Chilled Polish Beet Soup
On Wednesdays, for a brief moment, my life falls into sync with that of my mother’s. Early that morning, a neatly folded newspaper lands on Mom’s porch. Later in the day, she peers over the food section with scissors in hand and snips recipes for summer pastas or winter soups.
Across town, I do the same. Actually, I do the same all week long, just without a newspaper. Instead, I print my recipes from the numerous food blogs and emails that I come across daily. And on Wednesdays, I print more recipes—and I read the New York Times, hungry to know the latest about Spanish wines and South Carolina farming.
Wednesdays are the day of food news. But, for Mom and me, that brings different results. Even though we both spend time pining after photos of perfectly prepared cakes and bright tomatoes, we don’t snip (or print) the same recipes.
Mom likes short, simple ones. Eats invented by the Junior League of Denver or the editors of the local paper. I like easy recipes, too, but ones from foreign countries or well-known national chefs, like Rick Bayless or Marco Canora. Which means that over the years, Mom and I have built drastically different recipe boxes, filled with flavors a generation apart.
There are, though, a few recipes that you find in each of our boxes. Chlodnik, or chilled Polish beet soup, is one of those. It comes from the yellowing pages of my mom’s Polish recipe book and blends earthy beets with tangy, salty pickles, crunchy cucumbers, and sweet dill.
I remember eating it, as a child with my family, gathered around the backyard table. My sister and I would gulp it down, craving the chill of the sweet, sour cream-accented broth and filling up on the chunks of fresh vegetable and hard-boiled egg. Between bites, my Polish-American father would declare that Poles make a more flavorful chilled soup than the Spanish do.
These days, though, despite our recipe connection, I don’t often see my mom—or, for that matter, my family. But last week, on Wednesday, I made chlodnik (pronounced whoad-nick), and Thursday, on my way to the airport, I swung by my parents’ house. I carried with me a large Tupperware of the deep pink soup, and when I walked in the house, my dad said, “Oh, chlodnik. That’s so much better than gazpacho.” And my mom, reaching past the closet where yesterdays’ food section sat with the recycling, hugged me.
Chlodnik: Polish Beet Soup
Serves 8-10
This chilled beet soup is a blend of two recipes from my mom’s tattered Polish cookbook. In it, ruby red beets meet crunchy cucumbers and salty pickles. Which makes for a deep pink, highly refreshing soup that my Polish-American father claims is better than gazpacho.

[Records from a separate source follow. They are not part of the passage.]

(* Let $n\ge1$, let $L^n_\epsilon\colon S^n\to\mathcal{P}^n$ be the Lagrangian immersions described in the context (defined for all sufficiently small $\epsilon>0$), and set $\iota_\epsilon=\mathrm{Arg}\circ L^n_\epsilon\colon S^n\to M_{\mathbb{R}}/2\pi M$. Let $q\colon\partial Z_n\to M_{\mathbb{R}}/2\pi M$ be the map $x\mapsto \pi x \bmod 2\pi M$ (i.e. the inclusion of $\partial(\pi Z_n)$). Then there exist homotopy equivalences $p_\epsilon\colon S^n\to\partial Z_n$, defined for all sufficiently small $\epsilon>0$, such that \[\lim_{\epsilon\to0}\|\iota_\epsilon-q\circ p_\epsilon\|_{C^0}=0.\]
   Context: $\widetilde{M}=\mathbb{Z}\langle e_1,\dots,e_{n+2}\rangle$, $M=\widetilde{M}/\langle e_1+\dots+e_{n+2}\rangle$, $M_{\mathbb{R}}=M\otimes\mathbb{R}$; $\mathrm{Arg}\colon\mathbb{CP}^{n+1}\setminus\bigcup_j\{z_j=0\}\to M_{\mathbb{R}}/2\pi M$ is induced by $(z_j)\mapsto(\arg z_j)$; $C^0$-distances are taken with respect to a flat metric on the torus $M_{\mathbb{R}}/2\pi M$. $Z_n=\{\sum_j\theta_je_j:\theta_j\in[0,1]\}\subset M_{\mathbb{R}}$ and $\partial Z_n$ its boundary. $\mathcal{P}^n=\{[z]\in\mathbb{CP}^{n+1}:\sum_jz_j=0,\ z_j\neq0\ \forall j\}$. Construction of $L^n_\epsilon$: $\mathbb{CP}^n:=\{\sum_jz_j=0\}\subset\mathbb{CP}^{n+1}$, $\mathbb{RP}^n$ its real points, $S^n=\{x\in\mathbb{R}^{n+2}:\sum x_j=0,\sum x_j^2=1\}$ double covering $\mathbb{RP}^n$. Fix an $S_{n+2}\times\mathbb{Z}_2$-equivariant symplectic embedding of a small disk cotangent bundle $D^*_\eta\mathbb{RP}^n$ onto a neighbourhood of $\mathbb{RP}^n$ in $\mathbb{CP}^n$ ($\mathbb{Z}_2$ acting by complex conjugation and by negating covectors), holomorphic along the zero section (with respect to the almost complex structure induced by the round metric), and compose with the double cover to get $i\colon D^*_\eta S^n\to\mathbb{CP}^n$. Fix $0<\delta\ll1$ and a smooth odd $g\colon\mathbb{R}\to\mathbb{R}$ with $g'>0$, $g(x)=x$ for $|x|<\delta$, $g'(x)$ strictly decreasing in $|x|$ for $|x|>\delta$, $g'(x)<\delta$ for $|x|>2\delta$; $f=\sum_j g(x_j)|_{S^n}$. For $\epsilon>0$ small, $L^n_\epsilon=i\circ(\text{graph of }\epsilon\,df)$, a Lagrangian immersion with image in $\mathcal{P}^n$. *)

theory Defs
  imports "HOL-Analysis.Analysis"
begin

fun Ck_on :: "nat \<Rightarrow> 'a::real_normed_vector set \<Rightarrow> ('a \<Rightarrow> 'b::real_normed_vector) \<Rightarrow> bool" where
  "Ck_on 0 U f = continuous_on U f"
| "Ck_on (Suc k) U f =
     ((\<forall>x\<in>U. f differentiable (at x)) \<and> (\<forall>v. Ck_on k U (\<lambda>x. frechet_derivative f (at x) v)))"

definition smooth_on :: "'a::real_normed_vector set \<Rightarrow> ('a \<Rightarrow> 'b::real_normed_vector) \<Rightarrow> bool" where
  "smooth_on U f \<longleftrightarrow> open U \<and> (\<forall>k. Ck_on k U f)"

definition homotopy_equivalence_map :: "'a topology \<Rightarrow> 'b topology \<Rightarrow> ('a \<Rightarrow> 'b) \<Rightarrow> bool" where
  "homotopy_equivalence_map X Y f \<longleftrightarrow> continuous_map X Y f \<and>
     (\<exists>g. continuous_map Y X g \<and>
          homotopic_with (\<lambda>x. True) X X (g \<circ> f) id \<and>
          homotopic_with (\<lambda>x. True) Y Y (f \<circ> g) id)"

section \<open>The set-up: index type 'k with CARD('k) = n+2\<close>

definition ones :: "real^'k" where "ones = (\<chi> j. 1)"

definition sphereS :: "(real^'k) set" where
  "sphereS = {x. sum (\<lambda>j. x$j) UNIV = 0 \<and> x \<bullet> x = 1}"

text \<open>Disk cotangent bundle of S^n (covectors identified with tangent vectors by the round metric).\<close>
definition diskT :: "real \<Rightarrow> ((real^'k) \<times> (real^'k)) set" where
  "diskT \<eta> = {(x, \<xi>). x \<in> sphereS \<and> \<xi> \<bullet> x = 0 \<and> sum (\<lambda>j. \<xi>$j) UNIV = 0 \<and> norm \<xi> < \<eta>}"

definition tangentT :: "(real^'k) \<times> (real^'k) \<Rightarrow> ((real^'k) \<times> (real^'k)) set" where
  "tangentT p = {(a, b). a \<bullet> fst p = 0 \<and> sum (\<lambda>j. a$j) UNIV = 0 \<and> sum (\<lambda>j. b$j) UNIV = 0
                   \<and> b \<bullet> fst p + snd p \<bullet> a = 0}"
lemma sqrt_one_minus_square_le_arccos:
  fixes g :: real
  assumes "\<bar>g\<bar> \<le> 1"
  shows "sqrt (1 - g\<^sup>2) \<le> arccos g"
proof -
  have "sin (arccos g) = sqrt (1 - g\<^sup>2)" using assms by (rule sin_arccos_abs)
  moreover have "0 \<le> arccos g" using assms by (intro arccos_lbound) auto
  ultimately show ?thesis by (metis sin_x_le_x)
qed

lemma one_minus_cosine_law_square:
  fixes X Y Z :: real
  assumes "X > 0" "Y > 0"
  shows "1 - ((X + Y - Z) / (2 * sqrt X * sqrt Y))\<^sup>2 = (4 * X * Y - (X + Y - Z)\<^sup>2) / (4 * X * Y)"
  using assms by (simp add: field_simps power_mult_distrib)

lemma has_real_derivative_arccos_cosine_law:
  fixes X Z :: "real \<Rightarrow> real" and X' Y Z' t :: real
  defines "D \<equiv> 4 * X t * Y - (X t + Y - Z t)\<^sup>2"
  assumes dX: "(X has_real_derivative X') (at t)" and dZ: "(Z has_real_derivative Z') (at t)"
    and X: "X t > 0" and Y: "Y > 0" and D: "D > 0"
  shows "((\<lambda>s. arccos ((X s + Y - Z s) / (2 * sqrt (X s) * sqrt Y))) has_real_derivative
           (2 * X t * Z' - X' * (X t + Z t - Y)) / (2 * X t * sqrt D)) (at t)"
proof -
  define g where "g = (X t + Y - Z t) / (2 * sqrt (X t) * sqrt Y)"
  have g2: "1 - g\<^sup>2 = D / (4 * X t * Y)"
    unfolding g_def D_def using X Y by (rule one_minus_cosine_law_square)
  have "0 < 1 - g\<^sup>2"
    using g2 D X Y by simp
  then have "\<bar>g\<bar> < 1"
    by (simp add: abs_square_less_1)
  then have sqrt_g: "sqrt (1 - g\<^sup>2) = sqrt D / (2 * sqrt (X t) * sqrt Y)"
    using X Y by (simp add: g2 real_sqrt_divide real_sqrt_mult)
  have dg: "((\<lambda>s. (X s + Y - Z s) / (2 * sqrt (X s) * sqrt Y)) has_real_derivative
      ((X' - Z') * (2 * sqrt (X t) * sqrt Y) - (X t + Y - Z t) * (X' / sqrt (X t) * sqrt Y))
        / (2 * sqrt (X t) * sqrt Y)\<^sup>2) (at t)"
    using X Y by (auto intro!: derivative_eq_intros dX dZ simp: field_simps)
  have "- 1 < g" "g < 1" using \<open>\<bar>g\<bar> < 1\<close> by auto
  note arccos_at_g = DERIV_arccos[OF this, unfolded g_def]
  show ?thesis
  proof (rule DERIV_cong[OF DERIV_chain2[OF arccos_at_g dg]])
    define a b where "a = sqrt (X t)" and "b = sqrt Y"
    have "a > 0" "b > 0" "sqrt D > 0" using X Y D by (simp_all add: a_def b_def)
    moreover have "X t = a\<^sup>2" "Y = b\<^sup>2" using X Y by (simp_all add: a_def b_def)
    ultimately show "inverse (- sqrt (1 - ((X t + Y - Z t) / (2 * sqrt (X t) * sqrt Y))\<^sup>2)) *
      (((X' - Z') * (2 * sqrt (X t) * sqrt Y) - (X t + Y - Z t) * (X' / sqrt (X t) * sqrt Y))
        / (2 * sqrt (X t) * sqrt Y)\<^sup>2) =
      (2 * X t * Z' - X' * (X t + Z t - Y)) / (2 * X t * sqrt D)"
      unfolding sqrt_g[unfolded g_def] unfolding a_def[symmetric] b_def[symmetric]
      by (simp add: field_simps power2_eq_square)
  qed
qed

4 large beets with stalks and leaves, washed
4 cups beef broth
¼ cup water
2 tablespoons flour
½ teaspoon sugar
1 tablespoon freshly squeezed lemon juice
¾ cup pickle juice, from the jar
½ cup sour cream
2 large dill pickles, diced
3 pickling cucumbers, diced
1 clove garlic, minced
1 tablespoon fresh dill leaves
3 scallions, sliced thin
Salt and freshly ground pepper to taste
5 hard boiled eggs, peeled and halved
Cut leaves and stalks from beets, and place them in large saucepan along with beet roots. Cover with water, bring to a boil, and cook beets until tender, about 35 minutes. Reserving the cooking water, remove beets and leaves. Discard the stocks and leaves, and let beets cool, about 20 minutes. Peel and dice beets.
While the beets are cooking, heat the beef broth in a medium saucepan over medium-high heat. Combine the flour and water until smooth. When broth is simmering, add flour mixture and sugar. Cook for one minute, remove from heat, and cool about 20 minutes.
When beef mixture has cooled, add lemon and pickle juices, plus sour cream. Whisk until combined. Add beets, pickles, cucumbers, garlic, dill, and scallions. If soup seems too thick, add reserved beet water. Season with salt and freshly ground pepper. Chill for at least 2 hours.
To serve, fill bowls with soup and top with half a hard-boiled egg.